BEGIN SOURCE DATA
(* Let $a\in\mathbb{R}$, $T>0$ and let $\mathcal{G}_{\mathrm{adv}}$ and $\mu$ be as in the context. Let $M>0$. There exists a constant $C>0$, depending only on $M$ and $\mu$ (in particular independent of $m$ and $p$), such that for any $m,p\in\mathbb{N}$, any choice of sensor points $x_1,\dots,x_m\in\mathbb{T}$, any measurable branch map $\boldsymbol\beta:\mathbb{R}^m\to\mathbb{R}^p$ and any trunk functions $\tau_1,\dots,\tau_p\in L^2(\mathbb{T})$, the DeepONet $\mathcal{N}^{\mathrm{DON}}(\bar u)(y)=\sum_{k=1}^p\beta_k(\bar u(x_1),\dots,\bar u(x_m))\tau_k(y)$ satisfying $\sup_{\bar u\in\operatorname{supp}\mu}\|\mathcal{N}^{\mathrm{DON}}(\bar u)\|_{L^\infty}\le M$ obeys \[ \mathbb{E}_{\bar u\sim\mu}\big[\|\mathcal{G}_{\mathrm{adv}}(\bar u)-\mathcal{N}^{\mathrm{DON}}(\bar u)\|_{L^1(\mathbb{T})}\big]\ \ge\ \frac{C}{\min(m,p)}. \]
   Context: $\mathbb{T}=\mathbb{R}/2\pi\mathbb{Z}$ (identified with $[0,2\pi)$), with Lebesgue measure. Fix constants $0<\underline h\le\overline h$ and $0<\underline w\le\overline w<2\pi$. The input measure $\mu$ is the law of the random function $\bar u(x)=h\,1_{[-w/2,w/2]}(x-\xi)$ (understood $2\pi$-periodically on $\mathbb{T}$), where $h\sim\mathrm{Unif}[\underline h,\overline h]$, $w\sim\mathrm{Unif}[\underline w,\overline w]$, $\xi\sim\mathrm{Unif}[0,2\pi]$ are independent. For fixed speed $a\in\mathbb{R}$ and time $T>0$, $\mathcal{G}_{\mathrm{adv}}$ is the solution operator at time $T$ of the linear advection equation $\partial_tu+a\partial_xu=0$ on $\mathbb{T}$, i.e. $\mathcal{G}_{\mathrm{adv}}(\bar u)(x)=\bar u(x-aT)$. *)

theory Defs
  imports "HOL-Probability.Probability"
begin

text \<open>The torus T = R/2piZ is represented by 2pi-periodic real functions;
  integrals over T are integrals over the fundamental domain [0,2pi).\<close>

definition box_fun :: "real \<Rightarrow> real \<Rightarrow> real \<Rightarrow> real \<Rightarrow> real" where
  "box_fun h w \<xi> x = (if \<exists>k::int. \<bar>x - \<xi> - 2 * pi * real_of_int k\<bar> \<le> w / 2 then h else 0)"

definition G_adv :: "real \<Rightarrow> real \<Rightarrow> (real \<Rightarrow> real) \<Rightarrow> (real \<Rightarrow> real)" where
  "G_adv a T u = (\<lambda>x. u (x - a * T))"

definition unif_real :: "real \<Rightarrow> real \<Rightarrow> real measure" where
  "unif_real lo hi = (if lo < hi then uniform_measure lborel {lo..hi} else return lborel lo)"

text \<open>Law of the parameters (h, (w, xi)); mu is its push-forward under box_fun.\<close>
definition param_law :: "real \<Rightarrow> real \<Rightarrow> real \<Rightarrow> real \<Rightarrow> (real \<times> real \<times> real) measure" where
  "param_law hl hu wl wu = unif_real hl hu \<Otimes>\<^sub>M (unif_real wl wu \<Otimes>\<^sub>M unif_real 0 (2 * pi))"

text \<open>DeepONet with sensors x_0..x_{m-1}, branch components beta_k (functions on R^m,
  represented as extensional functions on {..<m}) and trunk functions tau_k, k < p.\<close>
definition deeponet :: "nat \<Rightarrow> nat \<Rightarrow> (nat \<Rightarrow> real) \<Rightarrow> (nat \<Rightarrow> (nat \<Rightarrow> real) \<Rightarrow> real)
     \<Rightarrow> (nat \<Rightarrow> real \<Rightarrow> real) \<Rightarrow> (real \<Rightarrow> real) \<Rightarrow> real \<Rightarrow> real" where
  "deeponet m p x \<beta> \<tau> u y = (\<Sum>k<p. \<beta> k (\<lambda>i\<in>{..<m}. u (x i)) * \<tau> k y)"

definition L1_dist_T :: "(real \<Rightarrow> real) \<Rightarrow> (real \<Rightarrow> real) \<Rightarrow> ennreal" where
  "L1_dist_T f g = (\<integral>\<^sup>+ y. ennreal (indicator {0..<2 * pi} y * \<bar>f y - g y\<bar>) \<partial>lborel)"

end

theory Submission
  imports Defs
begin

text \<open>Fix the height h and the width w, and move the input box through 2q + 1 positions,
  q = min m p, spaced by \<delta> = L/(2q), so that the left edges of the (advected) target boxes
  sweep a zone of length L cut into 2q slabs. Consecutive targets differ by a bump of height h on
  a single slab, so the 2q target increments are pairwise L^1-separated: any nontrivial
  combination of them has L^1 norm at least h \<delta> times the sum of the moduli of its coefficients.
  The corresponding increments of the DeepONet output lie in the p-dimensional span of the trunk
  functions, and an increment vanishes unless some sensor crosses an edge of the input box, which
  happens at most once per sensor along the sweep. Hence at most min m p = q of the 2q target
  increments are reproduced with error below h \<delta>, and by the triangle inequality the errors at the
  2q + 1 positions add up to at least q h \<delta> / 2 = h L / 4. Averaging over the starting point of
  the sweep gives an expected error of at least h L^2 / (16 \<pi> q) for fixed h and w.\<close>

definition in_periodic_window :: "real \<Rightarrow> real \<Rightarrow> real \<Rightarrow> bool" where
  "in_periodic_window w c z \<longleftrightarrow> (\<exists>k::int. \<bar>z - c - 2 * pi * real_of_int k\<bar> \<le> w / 2)"

lemma box_fun_eq_window: "box_fun h w c z = (if in_periodic_window w c z then h else 0)"
  unfolding box_fun_def in_periodic_window_def ..

lemma in_periodic_window_iff_abs:
  assumes "\<bar>z - c\<bar> < 2 * pi - w / 2"
  shows "in_periodic_window w c z \<longleftrightarrow> \<bar>z - c\<bar> \<le> w / 2"
proof
  assume "in_periodic_window w c z"
  then obtain k :: int where k: "\<bar>z - c - 2 * pi * k\<bar> \<le> w / 2"
    unfolding in_periodic_window_def by blast
  have "k = 0"
  proof (rule ccontr)
    assume "k \<noteq> 0"
    then have "2 * pi \<le> \<bar>2 * pi * k\<bar>"
      by (simp add: abs_mult)
    then show False using k assms by linarith
  qed
  then show "\<bar>z - c\<bar> \<le> w / 2" using k by simp
qed (auto simp: in_periodic_window_def intro: exI[of _ 0])

lemma in_periodic_window_shift_period:
  "in_periodic_window w (c + 2 * pi * real_of_int k) z \<longleftrightarrow> in_periodic_window w c z"
  unfolding in_periodic_window_def
proof
  assume "\<exists>k'. \<bar>z - (c + 2 * pi * real_of_int k) - 2 * pi * real_of_int k'\<bar> \<le> w / 2"
  then obtain k' :: int where "\<bar>z - (c + 2 * pi * real_of_int k) - 2 * pi * real_of_int k'\<bar> \<le> w / 2" ..
  then show "\<exists>k'. \<bar>z - c - 2 * pi * real_of_int k'\<bar> \<le> w / 2"
    by (intro exI[of _ "k + k'"]) (simp add: algebra_simps)
next
  assume "\<exists>k'. \<bar>z - c - 2 * pi * real_of_int k'\<bar> \<le> w / 2"
  then obtain k' :: int where "\<bar>z - c - 2 * pi * real_of_int k'\<bar> \<le> w / 2" ..
  then show "\<exists>k'. \<bar>z - (c + 2 * pi * real_of_int k) - 2 * pi * real_of_int k'\<bar> \<le> w / 2"
    by (intro exI[of _ "k' - k"]) (simp add: algebra_simps)
qed

lemma in_periodic_window_between:
  assumes "t1 \<le> t2" "t2 \<le> t3" "t3 - t1 < 2 * pi - w"
    and "in_periodic_window w t1 z" "in_periodic_window w t3 z"
  shows "in_periodic_window w t2 z"
proof -
  obtain k1 :: int where k1: "\<bar>z - t1 - 2 * pi * k1\<bar> \<le> w / 2"
    using assms(4) unfolding in_periodic_window_def by blast
  obtain k3 :: int where k3: "\<bar>z - t3 - 2 * pi * k3\<bar> \<le> w / 2"
    using assms(5) unfolding in_periodic_window_def by blast
  \<comment> \<open>the two windows are less than one period apart, so they see the same copy of z\<close>
  have "k1 = k3"
  proof (rule ccontr)
    assume "k1 \<noteq> k3"
    then have "2 * pi \<le> \<bar>2 * pi * k3 - 2 * pi * k1\<bar>"
      by (simp add: abs_mult flip: right_diff_distrib of_int_diff)
    then show False using k1 k3 assms(1-3) by linarith
  qed
  then have "\<bar>z - t2 - 2 * pi * k1\<bar> \<le> w / 2"
    using k1 k3 assms(1,2) unfolding \<open>k1 = k3\<close> abs_le_iff by linarith
  then show ?thesis unfolding in_periodic_window_def by blast
qed

lemma not_in_periodic_window_between:
  assumes "t1 \<le> t2" "t2 \<le> t3" "t3 - t1 < w"
    and "\<not> in_periodic_window w t1 z" "\<not> in_periodic_window w t3 z"
  shows "\<not> in_periodic_window w t2 z"
proof
  assume "in_periodic_window w t2 z"
  then obtain k :: int where "\<bar>z - t2 - 2 * pi * k\<bar> \<le> w / 2"
    unfolding in_periodic_window_def by blast
  moreover have "w / 2 < \<bar>z - t1 - 2 * pi * k\<bar>" "w / 2 < \<bar>z - t3 - 2 * pi * k\<bar>"
    using assms(4,5) unfolding in_periodic_window_def by (meson not_le)+
  ultimately show False using assms(1-3) by linarith
qed

lemma box_fun_translate: "box_fun h w \<xi> (y - c) = box_fun h w (\<xi> + c) y"
  unfolding box_fun_def by (simp add: algebra_simps)

lemma box_fun_add_period: "box_fun h w (\<xi> + 2 * pi * real_of_int k) = box_fun h w \<xi>"
  by (simp add: fun_eq_iff box_fun_eq_window in_periodic_window_shift_period)

lemma G_adv_box_fun: "G_adv a T (box_fun h w \<xi>) = box_fun h w (\<xi> + a * T)"
  unfolding G_adv_def by (simp add: box_fun_translate)

lemma box_fun_on_slab:
  assumes "0 \<le> \<delta>" "real n * \<delta> \<le> w" "w + real n * \<delta> < 2 * pi" "i \<le> n" "j < n"
    and "real j * \<delta> \<le> y - (c - w / 2)" "y - (c - w / 2) < real (Suc j) * \<delta>"
  shows "box_fun h w (c + real i * \<delta>) y = (if i \<le> j then h else 0)"
proof -
  have mono: "real a * \<delta> \<le> real b * \<delta>" if "a \<le> b" for a b
    using that assms(1) by (simp add: mult_right_mono)
  have "real i * \<delta> \<le> real n * \<delta>" "real (Suc j) * \<delta> \<le> real n * \<delta>"
    "0 \<le> real i * \<delta>" "0 \<le> real j * \<delta>"
    using mono[OF assms(4)] mono[of "Suc j" n] assms(1,5) by auto
  then have "\<bar>y - (c + real i * \<delta>)\<bar> < 2 * pi - w / 2"
    using assms(2,3,6,7) by (simp add: abs_less_iff)
  then have window: "box_fun h w (c + real i * \<delta>) y = (if \<bar>y - (c + real i * \<delta>)\<bar> \<le> w / 2 then h else 0)"
    by (simp add: box_fun_eq_window in_periodic_window_iff_abs)
  show ?thesis
  proof (cases "i \<le> j")
    case True
    have "\<bar>y - (c + real i * \<delta>)\<bar> \<le> w / 2"
      using mono[OF True] assms(2,6,7) \<open>real (Suc j) * \<delta> \<le> real n * \<delta>\<close> \<open>0 \<le> real i * \<delta>\<close>
      unfolding abs_le_iff by linarith
    then show ?thesis using window True by simp
  next
    case False
    have "\<not> \<bar>y - (c + real i * \<delta>)\<bar> \<le> w / 2"
      using mono[of "Suc j" i] False assms(7) unfolding abs_le_iff by linarith
    then show ?thesis using window False by simp
  qed
qed

lemma disjoint_family_slabs:
  fixes a \<delta> :: real
  assumes "0 \<le> \<delta>"
  shows "disjoint_family (\<lambda>j. {a + real j * \<delta> ..< a + real (Suc j) * \<delta>})"
  unfolding disjoint_family_on_def
proof (intro ballI impI)
  fix i j :: nat assume "i \<noteq> j"
  then have "Suc i \<le> j \<or> Suc j \<le> i" by auto
  then have "real (Suc i) * \<delta> \<le> real j * \<delta> \<or> real (Suc j) * \<delta> \<le> real i * \<delta>"
    using assms by (auto intro: mult_right_mono)
  then show "{a + real i * \<delta> ..< a + real (Suc i) * \<delta>} \<inter> {a + real j * \<delta> ..< a + real (Suc j) * \<delta>} = {}"
    by auto
qed
lemma E_cong:
  assumes "\<And>j. j < S \<Longrightarrow> n j = n' j"
  shows "E S n = E S n'"
proof -
  have "Sigma {..<S} (\<lambda>j. {..<n j}) = Sigma {..<S} (\<lambda>j. {..<n' j})"
    using assms by auto
  moreover have "derangements S D n = derangements S D n'" for D :: "(nat \<times> nat) set"
    using assms by (auto simp: derangements_def deals_def)
  ultimately show ?thesis
    by (simp add: E_eq_card_derangements)
qed

lemma card_derangements_le_transport:
  assumes D: "finite D" and h: "bij_betw h D D'" and fst_h: "\<And>x. x \<in> D \<Longrightarrow> fst (h x) = fst x"
  shows "card (derangements S D r) \<le> card (derangements S D' r)"
proof -
  let ?h' = "inv_into D h"
  let ?T = "\<lambda>f. \<lambda>y\<in>D'. f (?h' y)"
  have h'_h: "\<And>x. x \<in> D \<Longrightarrow> ?h' (h x) = x" and h_h': "\<And>y. y \<in> D' \<Longrightarrow> h (?h' y) = y"
    using h by (auto simp: bij_betw_inv_into_left bij_betw_inv_into_right)
  have h_D: "\<And>x. x \<in> D \<Longrightarrow> h x \<in> D'" and h'_D': "\<And>y. y \<in> D' \<Longrightarrow> ?h' y \<in> D"
    using h bij_betw_inv_into by (blast dest: bij_betwE)+
  have fibre: "{y\<in>D'. ?T f y = j} = h ` {x\<in>D. f x = j}" for f j
  proof (intro set_eqI iffI)
    fix y assume "y \<in> {y\<in>D'. ?T f y = j}"
    then show "y \<in> h ` {x\<in>D. f x = j}"
      using h'_D' h_h' by (intro image_eqI[where x="?h' y"]) auto
  qed (use h_D h'_h in auto)
  have inj_h: "inj_on h A" if "A \<subseteq> D" for A
    using h that by (auto simp: bij_betw_def intro: inj_on_subset)
  have "inj_on ?T (derangements S D r)"
  proof (rule inj_onI)
    fix f g assume f: "f \<in> derangements S D r" and g: "g \<in> derangements S D r" and eq: "?T f = ?T g"
    show "f = g"
    proof (rule PiE_ext)
      show "f \<in> D \<rightarrow>\<^sub>E {..<S}" "g \<in> D \<rightarrow>\<^sub>E {..<S}"
        using f g by (simp_all add: derangements_def deals_def)
      show "f x = g x" if "x \<in> D" for x
        using fun_cong[OF eq, of "h x"] h_D h'_h that by simp
    qed
  qed
  moreover have "?T ` derangements S D r \<subseteq> derangements S D' r"
  proof (rule image_subsetI)
    fix f assume "f \<in> derangements S D r"
    then have f_lt: "\<And>x. x \<in> D \<Longrightarrow> f x < S" and f_der: "\<And>x. x \<in> D \<Longrightarrow> f x \<noteq> fst x"
      and f_card: "\<And>j. j < S \<Longrightarrow> card {x\<in>D. f x = j} = r j"
      by (auto simp: derangements_def deals_def)
    have "?T f \<in> D' \<rightarrow>\<^sub>E {..<S}"
      using f_lt h'_D' by auto
    moreover have "card {y\<in>D'. ?T f y = j} = r j" if "j < S" for j
      unfolding fibre using f_card[OF that] card_image[OF inj_h[of "{x\<in>D. f x = j}"]] by simp
    moreover have "?T f y \<noteq> fst y" if "y \<in> D'" for y
      using f_der[OF h'_D'[OF that]] fst_h[OF h'_D'[OF that]] h_h'[OF that] that by simp
    ultimately show "?T f \<in> derangements S D' r"
      by (simp add: derangements_def deals_def)
  qed
  moreover have "finite (derangements S D' r)"
    using D h finite_deals[of D' S r] by (simp add: derangements_def bij_betw_finite)
  ultimately show ?thesis
    by (rule card_inj_on_le)
qed

lemma card_derangements_transport:
  assumes "finite D" "bij_betw h D D'" "\<And>x. x \<in> D \<Longrightarrow> fst (h x) = fst x"
  shows "card (derangements S D r) = card (derangements S D' r)"
proof (rule antisym)
  show "card (derangements S D r) \<le> card (derangements S D' r)"
    using assms by (rule card_derangements_le_transport)
  have "\<And>y. y \<in> D' \<Longrightarrow> fst (inv_into D h y) = fst y"
    using assms(2,3) by (metis bij_betw_inv_into_right bij_betw_imp_surj_on inv_into_into)
  then show "card (derangements S D' r) \<le> card (derangements S D r)"
    using assms bij_betw_inv_into bij_betw_finite
    by (blast intro: card_derangements_le_transport)
qed

lemma bij_betw_Sigma_fibrewise:
  assumes "\<And>i. i \<in> I \<Longrightarrow> bij_betw (g i) (X i) (Y i)"
  shows "bij_betw (\<lambda>(i, a). (i, g i a)) (Sigma I X) (Sigma I Y)"
proof -
  have "\<And>i x. i \<in> I \<Longrightarrow> x \<in> X i \<Longrightarrow> inv_into (X i) (g i) (g i x) = x \<and> g i x \<in> Y i"
    and "\<And>i y. i \<in> I \<Longrightarrow> y \<in> Y i \<Longrightarrow> g i (inv_into (X i) (g i) y) = y \<and> inv_into (X i) (g i) y \<in> X i"
    using assms by (meson bij_betwE bij_betw_inv_into bij_betw_inv_into_left bij_betw_inv_into_right)+
  then show ?thesis
    by (intro bij_betw_byWitness[where f'="\<lambda>(i, b). (i, inv_into (X i) (g i) b)"]) auto
qed
lemma matching_achievable:
  assumes "N \<ge> 1" "1 \<le> m" "4 * m \<le> K" "even K" "real (K - 2 * m) = real K * M / real N"
  shows "D2D_achievable N K M (real (2 * m) / real (K - 2 * m))
           (\<Sum>A\<in>user_subsets K (2 * m). matching_weight m A)"
  using assms
  by (intro D2D_achievable_from_design[where X = "matching_weight m"]
      matching_delivery_design matching_cache_balanced matching_subpacketization_pos) auto

lemma better_of_two_subpacketizations:
  fixes F C w t :: nat
  assumes "P F" "P (t * C)" "0 < F" "F \<le> C * w" "0 < C" "0 < t"
  shows "\<exists>F'. F' > 0 \<and> P F' \<and> F' \<le> t * C \<and>
           real F' / real (t * C) \<le> min (1 / real t * real w) 1"
proof (cases "w \<le> t")
  case True
  then have "F \<le> t * C" using assms(4) by (metis mult.commute mult_le_mono2 order_trans)
  have "real F / real (t * C) \<le> real (C * w) / real (t * C)"
    using assms(4) by (intro divide_right_mono) (simp_all del: of_nat_mult)
  also have "\<dots> = 1 / real t * real w" using assms(5) by simp
  finally show ?thesis
    using \<open>F \<le> t * C\<close> assms(1,3)
    by (intro exI[of _ F]) (auto simp: divide_le_eq_1 simp flip: of_nat_mult)
next
  case False
  then show ?thesis using assms(2,5,6) by (intro exI[of _ "t * C"]) (auto simp: field_simps)
qed
lemma vertex_disparity_deriv_pi_of_direction:
  assumes "k \<ge> 2" and "\<forall>c\<in>cells k. 0 < \<pi> c"
    and "H \<subseteq> cells k" and "cs \<in> cells k" "cs \<notin> H"
    and "0 < \<rho> - sum \<pi> H" "\<rho> - sum \<pi> H < \<pi> cs"
  shows "\<exists>j\<in>cells k - {(k, True)}. vertex_disparity_deriv k \<rho> H cs \<pi> (pi_of_direction k j) \<noteq> 0"
proof -
  let ?L = "\<lambda>c. vertex_disparity_deriv k \<rho> H cs \<pi> (indicator {c})"
  obtain c d where "c \<in> cells k" "d \<in> cells k" "?L c \<noteq> ?L d"
    using vertex_disparity_deriv_not_constant[OF assms] by blast
  then obtain j where j: "j \<in> cells k" "?L j \<noteq> ?L (k, True)"
    by metis
  have "vertex_disparity_deriv k \<rho> H cs \<pi> (pi_of_direction k j) = ?L j - ?L (k, True)"
    by (simp add: pi_of_direction_def[abs_def] vertex_disparity_deriv_diff)
  with j show ?thesis
    by (intro bexI[of _ j]) auto
qed

lemma masked_vertex_disparity_eq_0:
  assumes feas: "feasible k \<pi> \<rho> \<alpha>" and masked: "masked k \<pi> \<alpha>"
    and cs: "cs \<in> cells k" "0 < \<alpha> cs" "\<alpha> cs < 1" and "0 < \<pi> cs"
    and integral: "\<forall>c\<in>cells k - {cs}. \<alpha> c = 0 \<or> \<alpha> c = 1"
  defines "H \<equiv> {c\<in>cells k. \<alpha> c = 1}"
  shows "cs \<notin> H" "0 < \<rho> - sum \<pi> H" "\<rho> - sum \<pi> H < \<pi> cs" "vertex_disparity k \<rho> H cs \<pi> = 0"
proof -
  show "cs \<notin> H"
    using cs by (simp add: H_def)
  have \<alpha>_eq: "\<alpha> c = indicator H c + \<alpha> cs * indicator {cs} c" if "c \<in> cells k" for c
    using that integral cs by (cases "c = cs") (auto simp: H_def indicator_def)
  have "\<rho> = (\<Sum>c\<in>cells k. indicator H c * \<pi> c + \<alpha> cs * (indicator {cs} c * \<pi> c))"
    using feas \<alpha>_eq by (simp add: feasible_def algebra_simps)
  also have "\<dots> = sum \<pi> H + \<alpha> cs * \<pi> cs"
    using cs by (simp add: sum.distrib H_def Int_absorb1 Collect_conv_if flip: sum_distrib_left)
  finally have r: "\<rho> - sum \<pi> H = \<alpha> cs * \<pi> cs"
    by simp
  then show "0 < \<rho> - sum \<pi> H" "\<rho> - sum \<pi> H < \<pi> cs"
    using cs \<open>0 < \<pi> cs\<close> by simp_all
  have "disparity k \<pi> \<alpha> = disparity k \<pi> (indicator H) + \<alpha> cs * disparity k \<pi> (indicator {cs})"
    using \<alpha>_eq by (simp add: disparity_add_scaled_right cong: disparity_cong_right)
  then have "vertex_disparity k \<rho> H cs \<pi> = \<pi> cs * disparity k \<pi> \<alpha>"
    by (simp add: vertex_disparity_def r algebra_simps)
  with masked show "vertex_disparity k \<rho> H cs \<pi> = 0"
    by (simp add: masked_iff_disparity)
qed

lemma optimal_unique_fractional:
  assumes "optimal k \<pi> \<gamma> \<rho> \<alpha>" and "\<forall>c\<in>cells k. 0 < \<pi> c"
    and "inj_on \<gamma> (cells k)" and "\<forall>S\<subseteq>cells k. sum \<pi> S \<noteq> \<rho>"
  shows "\<exists>cs\<in>cells k. 0 < \<alpha> cs \<and> \<alpha> cs < 1 \<and> (\<forall>c\<in>cells k - {cs}. \<alpha> c = 0 \<or> \<alpha> c = 1)"
proof -
  have feas: "feasible k \<pi> \<rho> \<alpha>"
    using assms(1) by (simp add: optimal_def)
  then obtain cs where cs: "cs \<in> cells k" "0 < \<alpha> cs" "\<alpha> cs < 1"
    using feasible_fractional_exists assms(4) by blast
  have "\<alpha> c = 0 \<or> \<alpha> c = 1" if "c \<in> cells k - {cs}" for c
  proof -
    have "0 \<le> \<alpha> c" "\<alpha> c \<le> 1"
      using feas that by (simp_all add: feasible_def)
    moreover have "\<not> (0 < \<alpha> c \<and> \<alpha> c < 1)"
      using optimal_fractional_unique[OF assms(1,3,2) _ _ _ cs] that by blast
    ultimately show ?thesis
      by linarith
  qed
  with cs show ?thesis
    by blast
qed

lemma optimal_not_fair:
  assumes "optimal k \<pi> \<gamma> \<rho> \<alpha>" and "\<forall>c\<in>cells k. 0 < \<pi> c"
    and "inj_on \<gamma> (cells k)" and "\<forall>S\<subseteq>cells k. sum \<pi> S \<noteq> \<rho>"
  shows "\<not> fair k \<alpha>"
proof
  assume fair: "fair k \<alpha>"
  obtain cs where cs: "cs \<in> cells k" "0 < \<alpha> cs" "\<alpha> cs < 1"
    and integral: "\<forall>c\<in>cells k - {cs}. \<alpha> c = 0 \<or> \<alpha> c = 1"
    using optimal_unique_fractional[OF assms] by blast
  obtain x b where cs_eq: "cs = (x, b)" by fastforce
  then have "(x, \<not> b) \<in> cells k - {cs}" "\<alpha> (x, \<not> b) = \<alpha> cs"
    using cs fair by (cases b; simp add: cells_def fair_def)+
  with integral have "\<alpha> cs = 0 \<or> \<alpha> cs = 1"
    by metis
  with cs show False
    by auto
qed

lemma optimal_masked_vertex_disparity:
  assumes "optimal k \<pi> \<gamma> \<rho> \<alpha>" and "masked k \<pi> \<alpha>" and "\<forall>c\<in>cells k. 0 < \<pi> c"
    and "inj_on \<gamma> (cells k)" and "\<forall>S\<subseteq>cells k. sum \<pi> S \<noteq> \<rho>"
  shows "\<exists>H cs. H \<subseteq> cells k \<and> cs \<in> cells k \<and> cs \<notin> H \<and> 0 < \<rho> - sum \<pi> H \<and> \<rho> - sum \<pi> H < \<pi> cs
           \<and> vertex_disparity k \<rho> H cs \<pi> = 0"
proof -
  obtain cs where cs: "cs \<in> cells k" "0 < \<alpha> cs" "\<alpha> cs < 1"
    and integral: "\<forall>c\<in>cells k - {cs}. \<alpha> c = 0 \<or> \<alpha> c = 1"
    using optimal_unique_fractional[OF assms(1,3-5)] by blast
  have "feasible k \<pi> \<rho> \<alpha>"
    using assms(1) by (simp add: optimal_def)
  from masked_vertex_disparity_eq_0[OF this assms(2) cs _ integral] cs assms(3)
  show ?thesis
    by (intro exI[of _ "{c\<in>cells k. \<alpha> c = 1}"] exI[of _ cs]) auto
qed

lemma poly_along_pi_of_line:
  assumes "j \<in> cells k - {(k, True)}"
    and "\<And>s. F (\<lambda>c. pi_of k \<theta> c + s * pi_of_direction k j c) = poly q s"
  shows "F (pi_of k (\<theta>(Inl j := y))) = poly (pcompose q [:- \<theta> (Inl j), 1:]) y"
  using assms by (simp add: pi_of_fun_upd poly_pcompose)

lemma null_sets_gamma_ties:
  "\<exists>N\<in>null_sets (param_lebesgue k).
     {\<theta>\<in>space (param_lebesgue k). \<not> inj_on (gamma_of \<theta>) (cells k)} \<subseteq> N"
proof
  let ?f = "\<lambda>(c, d) \<theta>. \<theta> (Inr c) - \<theta> (Inr d)"
  let ?N = "\<Union>(c, d)\<in>cells k \<times> cells k - Id.
              space (param_lebesgue k) \<inter> nontrivial_line_zeros (?f (c, d)) (Inr c)"
  show "?N \<in> null_sets (param_lebesgue k)"
  proof (intro null_sets_UN' countable_finite, goal_cases)
    case (2 cd)
    then obtain c d where "cd = (c, d)" "c \<in> cells k" "d \<in> cells k" "c \<noteq> d" by auto
    moreover have "\<exists>p. \<forall>y. ?f (c, d) (\<theta>(Inr c := y)) = poly p y" for \<theta> :: "_ \<Rightarrow> real"
      using \<open>c \<noteq> d\<close> by (intro exI[of _ "[:- \<theta> (Inr d), 1:]"]) simp
    ultimately show ?case
      by (auto intro!: null_sets_param_lebesgue_nontrivial_line_zeros simp: param_index_def)
  qed auto
  show "{\<theta>\<in>space (param_lebesgue k). \<not> inj_on (gamma_of \<theta>) (cells k)} \<subseteq> ?N"
  proof
    fix \<theta> assume "\<theta> \<in> {\<theta>\<in>space (param_lebesgue k). \<not> inj_on (gamma_of \<theta>) (cells k)}"
    then have \<theta>: "\<theta> \<in> space (param_lebesgue k)" "\<not> inj_on (gamma_of \<theta>) (cells k)"
      by auto
    then obtain c d where cd: "c \<in> cells k" "d \<in> cells k" "c \<noteq> d" "\<theta> (Inr c) = \<theta> (Inr d)"
      unfolding inj_on_def gamma_of_def by blast
    then have "\<theta> \<in> nontrivial_line_zeros (?f (c, d)) (Inr c)"
      unfolding nontrivial_line_zeros_def by (auto intro!: exI[of _ "\<theta> (Inr d) + 1"])
    then show "\<theta> \<in> ?N"
      using \<theta>(1) cd by (intro UN_I[of "(c, d)"]) auto
  qed
qed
END SOURCE DATA
◆ WHAT IS EXPECTED ◆
Your task is to retype the entries verbatim, starting with the line that holds "pi * k3 - 2" and stopping after the line that holds "< \<bar>z - t1".

◆ ANSWER BOX ◆
    then have "2 * pi \<le> \<bar>2 * pi * k3 - 2 * pi * k1\<bar>"
      by (simp add: abs_mult flip: right_diff_distrib of_int_diff)
    then show False using k1 k3 assms(1-3) by linarith
  qed
  then have "\<bar>z - t2 - 2 * pi * k1\<bar> \<le> w / 2"
    using k1 k3 assms(1,2) unfolding \<open>k1 = k3\<close> abs_le_iff by linarith
  then show ?thesis unfolding in_periodic_window_def by blast
qed

lemma not_in_periodic_window_between:
  assumes "t1 \<le> t2" "t2 \<le> t3" "t3 - t1 < w"
    and "\<not> in_periodic_window w t1 z" "\<not> in_periodic_window w t3 z"
  shows "\<not> in_periodic_window w t2 z"
proof
  assume "in_periodic_window w t2 z"
  then obtain k :: int where "\<bar>z - t2 - 2 * pi * k\<bar> \<le> w / 2"
    unfolding in_periodic_window_def by blast
  moreover have "w / 2 < \<bar>z - t1 - 2 * pi * k\<bar>" "w / 2 < \<bar>z - t3 - 2 * pi * k\<bar>"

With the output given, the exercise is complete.